Posted by: hellojed on September 5, 2007 04:33 PM
When I was in school in the 1930s, my history teacher taught me a list of dates and my geography teacher taught me a list of place names. Mr Brown, my English teacher, brought them to life by teaching me that the dates recorded good, bad and even humdrum events in the timeline of history while place names meant that somewhere out there, there were mountains, rivers, seas, towns, villages, and people I could visit and hopefully befriend. All very forward looking in the days of Bulldog Drummond and Johnny Foreigner beginning at Calais.

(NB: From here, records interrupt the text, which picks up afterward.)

(* Let $(\Omega,\mathcal A)$ be a measurable space, let $K\subset\mathbb C^n$ be compact and let $A=C(K)$ or $A=P(K)$. Let $f_1,\ldots,f_m:\Omega\times K\to\mathbb C$ each satisfy $f_i(\omega,\cdot)\in A$ for all $\omega$ and $f_i(\cdot,z)$ measurable for all $z\in K$. Then $\omega\mapsto\sigma(f_1(\omega,\cdot),\ldots,f_m(\omega,\cdot))$ is a random compact set in $\mathbb C^m$.
   Context: $P(K)$ is the closure in $C(K)$ (sup norm) of the polynomials. For $h_1,\dots,h_m\in A$ with maximal ideal space $M_A$, the joint spectrum is $\sigma(h_1,\ldots,h_m)=\{(\phi(h_1),\ldots,\phi(h_m)):\phi\in M_A\}$. A random compact set in $\mathbb C^m$ is a measurable map from $\Omega$ to the space of non-empty compact subsets of $\mathbb C^m$ with the Hausdorff distance and its Borel $\sigma$-algebra. *)

theory Defs
  imports "HOL-Analysis.Analysis"
begin

inductive_set polyfun :: "(complex^'n \<Rightarrow> complex) set" where
  const: "(\<lambda>z. c) \<in> polyfun"
| coord: "(\<lambda>z. z $ i) \<in> polyfun"
| add: "p \<in> polyfun \<Longrightarrow> q \<in> polyfun \<Longrightarrow> (\<lambda>z. p z + q z) \<in> polyfun"
| mult: "p \<in> polyfun \<Longrightarrow> q \<in> polyfun \<Longrightarrow> (\<lambda>z. p z * q z) \<in> polyfun"

definition CK :: "(complex^'n::finite) set \<Rightarrow> (complex^'n \<Rightarrow> complex) set" where
  "CK K = {f. continuous_on K f}"

definition PK :: "(complex^'n::finite) set \<Rightarrow> (complex^'n \<Rightarrow> complex) set" where
  "PK K = {f. \<exists>p::nat \<Rightarrow> complex^_ \<Rightarrow> complex. (\<forall>k. p k \<in> polyfun) \<and>
              (\<forall>e>0. \<exists>N. \<forall>k\<ge>N. \<forall>z\<in>K. norm (p k z - f z) < e)}"

text \<open>Elements of A are functions on K; two functions agreeing on K are the same element.\<close>
definition characters ::
  "(complex^'n) set \<Rightarrow> (complex^'n \<Rightarrow> complex) set \<Rightarrow> ((complex^'n \<Rightarrow> complex) \<Rightarrow> complex) set" where
  "characters K A = {\<phi>.
     (\<forall>f\<in>A. \<forall>g\<in>A. (\<forall>z\<in>K. f z = g z) \<longrightarrow> \<phi> f = \<phi> g) \<and>
     (\<forall>f\<in>A. \<forall>g\<in>A. \<phi> (\<lambda>z. f z + g z) = \<phi> f + \<phi> g) \<and>
     (\<forall>f\<in>A. \<forall>c. \<phi> (\<lambda>z. c * f z) = c * \<phi> f) \<and>
     (\<forall>f\<in>A. \<forall>g\<in>A. \<phi> (\<lambda>z. f z * g z) = \<phi> f * \<phi> g) \<and>
     \<phi> (\<lambda>z. 1) = 1}"

definition joint_spectrum ::
  "(complex^'n) set \<Rightarrow> (complex^'n \<Rightarrow> complex) set \<Rightarrow> ('m::finite \<Rightarrow> complex^'n \<Rightarrow> complex)
     \<Rightarrow> (complex^'m) set" where
  "joint_spectrum K A h = {(\<chi> i. \<phi> (h i)) | \<phi>. \<phi> \<in> characters K A}"

definition nonempty_compacts :: "'a::metric_space set set" where
  "nonempty_compacts = {S. compact S \<and> S \<noteq> {}}"

definition hausdorff_dist :: "'a::metric_space set \<Rightarrow> 'a set \<Rightarrow> real" where
  "hausdorff_dist S T = max (SUP x\<in>S. infdist x T) (SUP y\<in>T. infdist y S)"

definition hausdorff_open :: "'a::metric_space set set \<Rightarrow> bool" where
  "hausdorff_open U \<longleftrightarrow> U \<subseteq> nonempty_compacts \<and>
     (\<forall>S\<in>U. \<exists>e>0. \<forall>T\<in>nonempty_compacts. hausdorff_dist S T < e \<longrightarrow> T \<in> U)"

definition hausdorff_borel :: "'a::metric_space set measure" where
  "hausdorff_borel = sigma nonempty_compacts {U. hausdorff_open U}"

definition random_compact_set :: "'w measure \<Rightarrow> ('w \<Rightarrow> 'a::metric_space set) \<Rightarrow> bool" where
  "random_compact_set M X \<longleftrightarrow> X \<in> measurable M hausdorff_borel"

end

(* For A = C(K) every character is evaluation at a point of K, so the joint spectrum of
   f_1(w,.), ..., f_m(w,.) is the image of K under z |-> (f_i(w,z))_i.  For A = P(K) a
   character is evaluation at a point of the polynomial hull of K (the point being the image
   of the coordinate functions) of the continuous extensions of the f_i(w,.), so the spectrum
   is the image of the compact hull.  In both cases the spectrum is the image of a fixed
   compact set under a map that is continuous in the point and measurable in w.  Such an image
   is a random compact set: Hausdorff-open sets are countable unions of Hausdorff balls
   around finite sets, and the Hausdorff distance of the image to a finite set can be
   computed along a countable dense subset.  Measurability of the extensions in w comes from
   choosing, measurably in w, rational polynomials approximating f_i(w,.) on K. *)

theory Submission
  imports Defs
begin

lemma bdd_above_infdist_compact:
  assumes "compact S"
  shows "bdd_above ((\<lambda>x. infdist x T) ` S)"
  by (intro bounded_imp_bdd_above compact_imp_bounded compact_continuous_image
      continuous_intros assms)

lemma hausdorff_dist_commute: "hausdorff_dist S T = hausdorff_dist T S"
  unfolding hausdorff_dist_def by (simp add: max.commute)

lemma hausdorff_dist_le_iff:
  assumes "compact S" "S \<noteq> {}" "compact T" "T \<noteq> {}"
  shows "hausdorff_dist S T \<le> r \<longleftrightarrow> (\<forall>x\<in>S. infdist x T \<le> r) \<and> (\<forall>y\<in>T. infdist y S \<le> r)"
  unfolding hausdorff_dist_def
  using assms bdd_above_infdist_compact[OF assms(1), of T] bdd_above_infdist_compact[OF assms(3), of S]
  by (simp add: cSUP_le_iff)

lemma infdist_le_hausdorff_dist:
  assumes "compact S" "S \<noteq> {}" "compact T" "T \<noteq> {}"
  shows "x \<in> S \<Longrightarrow> infdist x T \<le> hausdorff_dist S T"
    and "y \<in> T \<Longrightarrow> infdist y S \<le> hausdorff_dist S T"
  using hausdorff_dist_le_iff[OF assms, of "hausdorff_dist S T"] by auto

lemma infdist_le_infdist_add:
  assumes "B \<noteq> {}" "\<And>y. y \<in> B \<Longrightarrow> infdist y C \<le> c"
  shows "infdist x C \<le> infdist x B + c"
proof -
  have "infdist x C - c \<le> infdist x B"
    unfolding infdist_notempty[OF assms(1)]
  proof (rule cINF_greatest)
    fix y assume "y \<in> B"
    have "infdist x C \<le> infdist y C + dist x y" by (rule infdist_triangle)
    with assms(2)[OF \<open>y \<in> B\<close>] show "infdist x C - c \<le> dist x y" by simp
  qed (use assms in auto)
  then show ?thesis by simp
qed

lemma hausdorff_dist_triangle:
  assumes "compact A" "A \<noteq> {}" "compact B" "B \<noteq> {}" "compact C" "C \<noteq> {}"
  shows "hausdorff_dist A C \<le> hausdorff_dist A B + hausdorff_dist B C"
proof (subst hausdorff_dist_le_iff[OF assms(1,2,5,6)], intro conjI ballI)
  fix x assume "x \<in> A"
  have "infdist x C \<le> infdist x B + hausdorff_dist B C"
    by (rule infdist_le_infdist_add) (use assms infdist_le_hausdorff_dist[OF assms(3-6)] in auto)
  also have "\<dots> \<le> hausdorff_dist A B + hausdorff_dist B C"
    using infdist_le_hausdorff_dist(1)[OF assms(1-4) \<open>x \<in> A\<close>] by simp
  finally show "infdist x C \<le> hausdorff_dist A B + hausdorff_dist B C" .
next
  fix z assume "z \<in> C"
  have "infdist z A \<le> infdist z B + hausdorff_dist A B"
    by (rule infdist_le_infdist_add) (use assms infdist_le_hausdorff_dist[OF assms(1-4)] in auto)
  also have "\<dots> \<le> hausdorff_dist A B + hausdorff_dist B C"
    using infdist_le_hausdorff_dist(2)[OF assms(3-6) \<open>z \<in> C\<close>] by simp
  finally show "infdist z A \<le> hausdorff_dist A B + hausdorff_dist B C" .
qed
(* For every $A\in\Theta^\pm_\triangle(n)$, the set $\{B\in\Theta^\pm_\triangle(n):B\prec A\}$ is finite. Hence, for every $A'\in\widetilde\Theta_\triangle(n)$, the interval $(-\infty,A']=\{B\in\widetilde\Theta_\triangle(n):B\sqsubseteq A'\}$ is finite.
   Context: $n\ge2$. $\widetilde\Theta_\triangle(n)$ is the set of matrices $A=(a_{i,j})_{i,j\in\mathbb Z}$ with integer entries, $a_{i,j}\ge0$ for $i\ne j$, $a_{i+n,j+n}=a_{i,j}$ for all $i,j$, and such that each row and each column has finitely many nonzero entries; $\Theta^\pm_\triangle(n)$ is the set of such matrices with nonnegative entries and zero diagonal. $\mathrm{ro}(A)=(\sum_ja_{i,j})_{i\in\mathbb Z}$, $\mathrm{co}(A)=(\sum_ia_{i,j})_{j\in\mathbb Z}$. For $i\ne j$ let $\sigma_{i,j}(A)=\sum_{s\le i,t\ge j}a_{s,t}$ if $i<j$ and $\sigma_{i,j}(A)=\sum_{s\ge i,t\le j}a_{s,t}$ if $i>j$. $B\preccurlyeq A$ iff $\sigma_{i,j}(B)\le\sigma_{i,j}(A)$ for all $i\ne j$; $B\prec A$ iff $B\preccurlyeq A$ and $\sigma_{i,j}(B)<\sigma_{i,j}(A)$ for some $i\ne j$; $B\sqsubseteq A$ iff $B\preccurlyeq A$, $\mathrm{ro}(B)=\mathrm{ro}(A)$ and $\mathrm{co}(B)=\mathrm{co}(A)$. *)

theory Defs
  imports Main
begin

type_synonym zmat = "int \<Rightarrow> int \<Rightarrow> int"

definition Theta_tilde :: "int \<Rightarrow> zmat set" where
  "Theta_tilde n = {A. (\<forall>i j. i \<noteq> j \<longrightarrow> 0 \<le> A i j)
     \<and> (\<forall>i j. A (i + n) (j + n) = A i j)
     \<and> (\<forall>i. finite {j. A i j \<noteq> 0})
     \<and> (\<forall>j. finite {i. A i j \<noteq> 0})}"

definition Theta_pm :: "int \<Rightarrow> zmat set" where
  "Theta_pm n = {A \<in> Theta_tilde n. (\<forall>i j. 0 \<le> A i j) \<and> (\<forall>i. A i i = 0)}"

definition ro :: "zmat \<Rightarrow> int \<Rightarrow> int" where
  "ro A i = (\<Sum>j\<in>{j. A i j \<noteq> 0}. A i j)"

definition co :: "zmat \<Rightarrow> int \<Rightarrow> int" where
  "co A j = (\<Sum>i\<in>{i. A i j \<noteq> 0}. A i j)"

definition sigma :: "int \<Rightarrow> int \<Rightarrow> zmat \<Rightarrow> int" where
  "sigma i j A =
     (if i < j then (\<Sum>(s,t)\<in>{(s,t). s \<le> i \<and> j \<le> t \<and> A s t \<noteq> 0}. A s t)
      else (\<Sum>(s,t)\<in>{(s,t). i \<le> s \<and> t \<le> j \<and> A s t \<noteq> 0}. A s t))"

definition preceq :: "zmat \<Rightarrow> zmat \<Rightarrow> bool" where
  "preceq B A \<longleftrightarrow> (\<forall>i j. i \<noteq> j \<longrightarrow> sigma i j B \<le> sigma i j A)"

definition prec :: "zmat \<Rightarrow> zmat \<Rightarrow> bool" where
  "prec B A \<longleftrightarrow> preceq B A \<and> (\<exists>i j. i \<noteq> j \<and> sigma i j B < sigma i j A)"

definition sqsubseteq :: "zmat \<Rightarrow> zmat \<Rightarrow> bool" where
  "sqsubseteq B A \<longleftrightarrow> preceq B A \<and> ro B = ro A \<and> co B = co A"

end

theory Submission
  imports Defs "HOL-Library.FuncSet"
begin

text \<open>A matrix in \<open>\<Theta>\<^sub>\<triangle>(n)\<close> has finitely many nonzero entries in each of the rows
  \<open>0, \<dots>, n - 1\<close>, so by periodicity its support lies in a band \<open>|s - t| \<le> D\<close>. If \<open>B \<preccurlyeq> A\<close>,
  an off-diagonal entry \<open>b\<^sub>s\<^sub>t\<close> is one of the nonnegative summands of \<open>\<sigma>\<^sub>s\<^sub>,\<^sub>t(B)\<close>, so
  \<open>0 \<le> b\<^sub>s\<^sub>t \<le> \<sigma>\<^sub>s\<^sub>,\<^sub>t(A)\<close>, and \<open>\<sigma>\<^sub>s\<^sub>,\<^sub>t(A) = 0\<close> outside the band of \<open>A\<close>. Hence the off-diagonal
  part of \<open>B\<close> is determined by finitely many bounded entries in the rows \<open>0, \<dots>, n - 1\<close>.
  The diagonal is zero in \<open>\<Theta>\<^sup>\<plusminus>\<^sub>\<triangle>(n)\<close>, and it is recovered from the row sums when \<open>B \<sqsubseteq> A\<close>.\<close>

definition banded :: "int \<Rightarrow> zmat \<Rightarrow> bool" where
  "banded D A \<longleftrightarrow> (\<forall>s t. A s t \<noteq> 0 \<longrightarrow> \<bar>s - t\<bar> \<le> D)"

lemma bandedD: "banded D A \<Longrightarrow> A s t \<noteq> 0 \<Longrightarrow> \<bar>s - t\<bar> \<le> D"
  by (simp add: banded_def)

lemma Theta_tilde_shift:
  assumes "A \<in> Theta_tilde n"
  shows "A (i + k * n) (j + k * n) = A i j"
proof (induction k rule: int_induct[where k = 0])
  case base
  show ?case by simp
next
  case (step1 k)
  have "A (i + (k + 1) * n) (j + (k + 1) * n) = A ((i + k * n) + n) ((j + k * n) + n)"
    by (simp add: algebra_simps)
  with step1 assms show ?case by (simp add: Theta_tilde_def)
next
  case (step2 k)
  have "A (i + (k - 1) * n + n) (j + (k - 1) * n + n) = A (i + k * n) (j + k * n)"
    by (simp add: algebra_simps)
  with step2 assms show ?case by (simp add: Theta_tilde_def)
qed

lemma Theta_tilde_banded:
  assumes A: "A \<in> Theta_tilde n" and n: "n > 0"
  obtains D where "D \<ge> 0" "banded D A"
proof
  define U where "U = (\<Union>r\<in>{0..<n}. (\<lambda>j. \<bar>j - r\<bar>) ` {j. A r j \<noteq> 0})"
  have fin: "finite U" unfolding U_def using A by (auto simp: Theta_tilde_def)
  show "Max (insert 0 U) \<ge> 0" using fin by simp
  show "banded (Max (insert 0 U)) A"
    unfolding banded_def
  proof (intro allI impI)
    fix s t assume "A s t \<noteq> 0"
    define r k where "r = s mod n" and "k = s div n"
    have s: "s = r + k * n" unfolding r_def k_def by simp
    have "A r (t - k * n) = A s t" using Theta_tilde_shift[OF A, of r k "t - k * n"] s by simp
    with \<open>A s t \<noteq> 0\<close> have "\<bar>(t - k * n) - r\<bar> \<in> (\<lambda>j. \<bar>j - r\<bar>) ` {j. A r j \<noteq> 0}" by simp
    moreover have "r \<in> {0..<n}" unfolding r_def using n by simp
    ultimately have "\<bar>(t - k * n) - r\<bar> \<in> U" unfolding U_def by blast
    moreover have "\<bar>(t - k * n) - r\<bar> = \<bar>s - t\<bar>" using s by simp
    ultimately show "\<bar>s - t\<bar> \<le> Max (insert 0 U)" using fin by (metis Max_ge finite_insert insertCI)
  qed
qed

lemma le_sum_nonneg_support:
  fixes f :: "'a \<Rightarrow> 'b::{semiring_1, ordered_comm_monoid_add}"
  assumes "finite S" "\<And>y. y \<in> S \<Longrightarrow> 0 \<le> f y" "f x \<noteq> 0 \<Longrightarrow> x \<in> S"
  shows "f x \<le> sum f S"
proof (cases "f x = 0")
  case True
  then show ?thesis using assms(2) by (simp add: sum_nonneg)
next
  case False
  then show ?thesis using assms by (intro member_le_sum) auto
qed

lemma Theta_tilde_entry_le_sigma:
  assumes B: "B \<in> Theta_tilde n" "banded D B" and "s \<noteq> t"
  shows "B s t \<le> sigma s t B"
proof -
  have nonneg: "\<And>a b. a \<noteq> b \<Longrightarrow> 0 \<le> B a b" using B by (simp add: Theta_tilde_def)
  show ?thesis
  proof (cases "s < t")
    case True
    let ?S = "{(a, b). a \<le> s \<and> t \<le> b \<and> B a b \<noteq> 0}"
    have "finite ?S"
      by (rule finite_subset[of _ "{t - D..s} \<times> {t..s + D}"]) (use B in \<open>force dest: bandedD\<close>, simp)
    then have "B s t \<le> (\<Sum>(a, b)\<in>?S. B a b)"
      using le_sum_nonneg_support[of ?S "\<lambda>(a, b). B a b" "(s, t)"] True nonneg by auto
    with True show ?thesis by (simp add: sigma_def)
  next
    case False
    let ?S = "{(a, b). s \<le> a \<and> b \<le> t \<and> B a b \<noteq> 0}"
    have "finite ?S"
      by (rule finite_subset[of _ "{s..t + D} \<times> {s - D..t}"]) (use B in \<open>force dest: bandedD\<close>, simp)
    then have "B s t \<le> (\<Sum>(a, b)\<in>?S. B a b)"
      using le_sum_nonneg_support[of ?S "\<lambda>(a, b). B a b" "(s, t)"] False \<open>s \<noteq> t\<close> nonneg by auto
    with False show ?thesis by (simp add: sigma_def)
  qed
qed

lemma banded_sigma_eq_0:
  assumes "banded D A" "D < \<bar>s - t\<bar>"
  shows "sigma s t A = 0"
proof -
  have "A a b = 0" if "\<bar>s - t\<bar> \<le> \<bar>a - b\<bar>" for a b
    using bandedD[OF assms(1), of a b] assms(2) that by linarith
  moreover have "\<bar>s - t\<bar> \<le> \<bar>a - b\<bar>" if "a \<le> s" "t \<le> b" "s < t" for a b
    using that by arith
  moreover have "\<bar>s - t\<bar> \<le> \<bar>a - b\<bar>" if "s \<le> a" "b \<le> t" "\<not> s < t" for a b
    using that by arith
  ultimately show ?thesis unfolding sigma_def by (auto intro: sum.neutral)
qed

lemma preceq_offdiag_bounds:
  assumes "B \<in> Theta_tilde n" "n > 0" "preceq B A" "s \<noteq> t"
  shows "0 \<le> B s t" "B s t \<le> sigma s t A"
proof -
  obtain D where "banded D B" using Theta_tilde_banded assms(1,2) by blast
  show "0 \<le> B s t" using assms(1,4) by (simp add: Theta_tilde_def)
  show "B s t \<le> sigma s t A"
    using Theta_tilde_entry_le_sigma[OF assms(1) \<open>banded D B\<close> assms(4)] assms(3,4)
    by (force simp: preceq_def)
qed

lemma preceq_banded:
  assumes "B \<in> Theta_tilde n" "n > 0" "preceq B A" "banded D A" "D \<ge> 0"
  shows "banded D B"
  unfolding banded_def
proof (intro allI impI)
  fix s t assume "B s t \<noteq> 0"
  show "\<bar>s - t\<bar> \<le> D"
  proof (rule ccontr)
    assume far: "\<not> \<bar>s - t\<bar> \<le> D"
    with \<open>D \<ge> 0\<close> have "s \<noteq> t" by auto
    have "sigma s t A = 0" using banded_sigma_eq_0[OF \<open>banded D A\<close>] far by simp
    with preceq_offdiag_bounds[OF assms(1-3) \<open>s \<noteq> t\<close>] \<open>B s t \<noteq> 0\<close> show False by simp
  qed
qed

lemma Theta_tilde_offdiag_eq_if_eq_on_rows:
  assumes B: "B \<in> Theta_tilde n" and B': "B' \<in> Theta_tilde n" and n: "n > 0"
    and rows: "\<And>r t. 0 \<le> r \<Longrightarrow> r < n \<Longrightarrow> r \<noteq> t \<Longrightarrow> B r t = B' r t"
    and "s \<noteq> t"
  shows "B s t = B' s t"
proof -
  define r k where "r = s mod n" and "k = s div n"
  have s: "r + k * n = s" unfolding r_def k_def by simp
  have "r \<noteq> t - k * n" using \<open>s \<noteq> t\<close> s by linarith
  moreover have "0 \<le> r" "r < n" unfolding r_def using n by simp_all
  ultimately have "B r (t - k * n) = B' r (t - k * n)" by (intro rows)
  then show ?thesis
    using Theta_tilde_shift[OF B, of r k "t - k * n"] Theta_tilde_shift[OF B', of r k "t - k * n"]
    unfolding s by simp
qed

lemma banded_offdiag_eq_if_eq_on_window:
  assumes B: "B \<in> Theta_tilde n" "banded D B" and B': "B' \<in> Theta_tilde n" "banded D B'"
    and n: "n > 0"
    and window: "\<And>r t. 0 \<le> r \<Longrightarrow> r < n \<Longrightarrow> - D \<le> t \<Longrightarrow> t \<le> n + D \<Longrightarrow> r \<noteq> t
      \<Longrightarrow> B r t = B' r t"
    and "s \<noteq> t"
  shows "B s t = B' s t"
proof (rule Theta_tilde_offdiag_eq_if_eq_on_rows[OF B(1) B'(1) n _ \<open>s \<noteq> t\<close>])
  fix r t assume r: "0 \<le> r" "r < n" "r \<noteq> t"
  show "B r t = B' r t"
  proof (cases "- D \<le> t \<and> t \<le> n + D")
    case False
    with r have "D < \<bar>r - t\<bar>" by auto
    with B(2) B'(2) have "B r t = 0" "B' r t = 0" by (meson bandedD not_le)+
    then show ?thesis by simp
  qed (use r window in auto)
qed

lemma zmat_eqI:
  fixes B B' :: zmat
  assumes "\<And>s t. s \<noteq> t \<Longrightarrow> B s t = B' s t" "\<And>i. B i i = B' i i"
  shows "B = B'"
proof (intro ext)
  fix s t show "B s t = B' s t" using assms by (cases "s = t") auto
qed

lemma finite_preceq_if_offdiag_determines:
  assumes A: "A \<in> Theta_tilde n" and n: "n > 0"
    and F: "F \<subseteq> {B \<in> Theta_tilde n. preceq B A}"
    and offdiag: "\<And>B B'. B \<in> F \<Longrightarrow> B' \<in> F \<Longrightarrow> (\<forall>s t. s \<noteq> t \<longrightarrow> B s t = B' s t) \<Longrightarrow> B = B'"
  shows "finite F"
proof -
  obtain D where "D \<ge> 0" "banded D A" using Theta_tilde_banded[OF A n] .
  define K where "K = {(r, t). 0 \<le> r \<and> r < n \<and> - D \<le> t \<and> t \<le> n + D \<and> r \<noteq> t}"
  define g where "g B = restrict (\<lambda>(r, t). B r t) K" for B :: zmat
  have finK: "finite K"
    by (rule finite_subset[of _ "{0..<n} \<times> {- D..n + D}"]) (auto simp: K_def)
  have "g B \<in> PiE K (\<lambda>(r, t). {0..sigma r t A})" if "B \<in> F" for B
  proof -
    have "B r t \<in> {0..sigma r t A}" if "(r, t) \<in> K" for r t
      using preceq_offdiag_bounds[of B n A r t] \<open>B \<in> F\<close> F n that by (auto simp: K_def)
    then show ?thesis unfolding g_def restrict_PiE_iff by auto
  qed
  moreover have "finite (PiE K (\<lambda>(r, t). {0..sigma r t A}))"
    using finK by (intro finite_PiE) auto
  ultimately have "finite (g ` F)" by (meson finite_subset image_subsetI)
  moreover have "inj_on g F"
  proof (rule inj_onI)
    fix B B' assume BF: "B \<in> F" and B'F: "B' \<in> F" and "g B = g B'"
    have "B r t = B' r t" if "(r, t) \<in> K" for r t
    proof -
      have "g B (r, t) = g B' (r, t)" using \<open>g B = g B'\<close> by simp
      with that show ?thesis by (simp add: g_def)
    qed
    moreover have "banded D B" "banded D B'"
      using BF B'F F preceq_banded[OF _ n _ \<open>banded D A\<close> \<open>D \<ge> 0\<close>] by auto
    ultimately have "B s t = B' s t" if "s \<noteq> t" for s t
      using banded_offdiag_eq_if_eq_on_window[of B n D B' s t] BF B'F F n that by (auto simp: K_def)
    then show "B = B'" using BF B'F by (intro offdiag) auto
  qed
  ultimately show ?thesis by (rule finite_imageD)
qed

lemma finite_Theta_pm_prec:
  assumes "A \<in> Theta_pm n" "n > 0"
  shows "finite {B \<in> Theta_pm n. prec B A}"
proof (rule finite_preceq_if_offdiag_determines)
  fix B B' assume "B \<in> {B \<in> Theta_pm n. prec B A}" "B' \<in> {B \<in> Theta_pm n. prec B A}"
    and offdiag: "\<forall>s t. s \<noteq> t \<longrightarrow> B s t = B' s t"
  then have "B i i = B' i i" for i by (simp add: Theta_pm_def)
  with offdiag show "B = B'" by (intro zmat_eqI) auto
qed (use assms in \<open>auto simp: Theta_pm_def prec_def\<close>)

lemma banded_ro_eq_sum:
  assumes "banded D B"
  shows "ro B i = (\<Sum>j\<in>{i - D..i + D}. B i j)"
  unfolding ro_def
  by (rule sum.mono_neutral_left) (use assms in \<open>force dest: bandedD\<close>)+

lemma banded_diag_eq_if_ro_eq:
  assumes "banded D B" "banded D B'" "D \<ge> 0" "ro B = ro B'"
    and offdiag: "\<forall>s t. s \<noteq> t \<longrightarrow> B s t = B' s t"
  shows "B i i = B' i i"
proof -
  let ?T = "{i - D..i + D}"
  have i: "i \<in> ?T" using \<open>D \<ge> 0\<close> by simp
  have "B i i + (\<Sum>j\<in>?T - {i}. B i j) = ro B i"
    using banded_ro_eq_sum[OF assms(1)] sum.remove[OF _ i] by (metis finite_atLeastAtMost_int)
  also have "\<dots> = ro B' i" using assms(4) by simp
  also have "\<dots> = B' i i + (\<Sum>j\<in>?T - {i}. B' i j)"
    using banded_ro_eq_sum[OF assms(2)] sum.remove[OF _ i] by (metis finite_atLeastAtMost_int)
  also have "(\<Sum>j\<in>?T - {i}. B' i j) = (\<Sum>j\<in>?T - {i}. B i j)"
    using offdiag by (intro sum.cong) auto
  finally show ?thesis by simp
qed

lemma finite_Theta_tilde_sqsubseteq:
  assumes A: "A \<in> Theta_tilde n" and n: "n > 0"
  shows "finite {B \<in> Theta_tilde n. sqsubseteq B A}"
proof (rule finite_preceq_if_offdiag_determines[OF A n])
  obtain D where "D \<ge> 0" "banded D A" using Theta_tilde_banded[OF A n] .
  fix B B' assume B: "B \<in> {B \<in> Theta_tilde n. sqsubseteq B A}"
    and B': "B' \<in> {B \<in> Theta_tilde n. sqsubseteq B A}"
    and offdiag: "\<forall>s t. s \<noteq> t \<longrightarrow> B s t = B' s t"
  have "banded D B" "banded D B'"
    using B B' preceq_banded[OF _ n _ \<open>banded D A\<close> \<open>D \<ge> 0\<close>] by (auto simp: sqsubseteq_def)
  moreover have "ro B = ro B'" using B B' by (simp add: sqsubseteq_def)
  ultimately have "B i i = B' i i" for i
    using banded_diag_eq_if_ro_eq \<open>D \<ge> 0\<close> offdiag by blast
  with offdiag show "B = B'" by (intro zmat_eqI) auto
qed (auto simp: sqsubseteq_def)

theorem lemma7p5:
  fixes n :: int
  assumes "n \<ge> 2"
  shows "(\<forall>A \<in> Theta_pm n. finite {B \<in> Theta_pm n. prec B A})
       \<and> (\<forall>A' \<in> Theta_tilde n. finite {B \<in> Theta_tilde n. sqsubseteq B A'})"
  using assms finite_Theta_pm_prec finite_Theta_tilde_sqsubseteq by simp

end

Mr Brown – in those days teachers had no first names – taught me not to finish things up. I might as well finish them down or sideways. His maxims were never to use a shilling word where a sixpenny one will do and rather than use clichés to describe a road accident or a carthorse tossing its head back to catch the last content of its feedbag, find my own way of describing what I’d seen and heard.
Faced as he was by anything up to thirty thumb sucking, pencil chewing, desk lid banging, coughing, scratching, sneezing, and fidgeting schoolboys, one phrase he could never escape was the one that gave rise to his nickname.
‘If only…’ he began to the first class he ever addressed. ‘Phoney’ is what they heard above the hubbub and Phoney Brown was born.
‘Rickman,’ Phoney once said to me,‘do sit up boy. You can’t possibly think in that position.’
‘Sir, Sir! Rickman can’t think in any position,’ bellowed my neighbour. The ensuing scuffle became a matter of honour. Vague threats were uttered after we were separated and sent to the back of the class where we were both too short sighted to see the blackboard and Phoney was too short sighted to see the surreptitious ankle kicking that went on for the rest of the period.
Apart from the unfortunate time I tried to correct my mother when she told me to finish my greens up, I have never forgotten Mr Brown. Or the love of language he did his best to instil in his class.
Posted by: Mark Rickman on September 6, 2007 03:34 PM
Fooled yoooou!
I call this decade "the oh-oh's" or 00's in print. The next one is the teens, isn't it?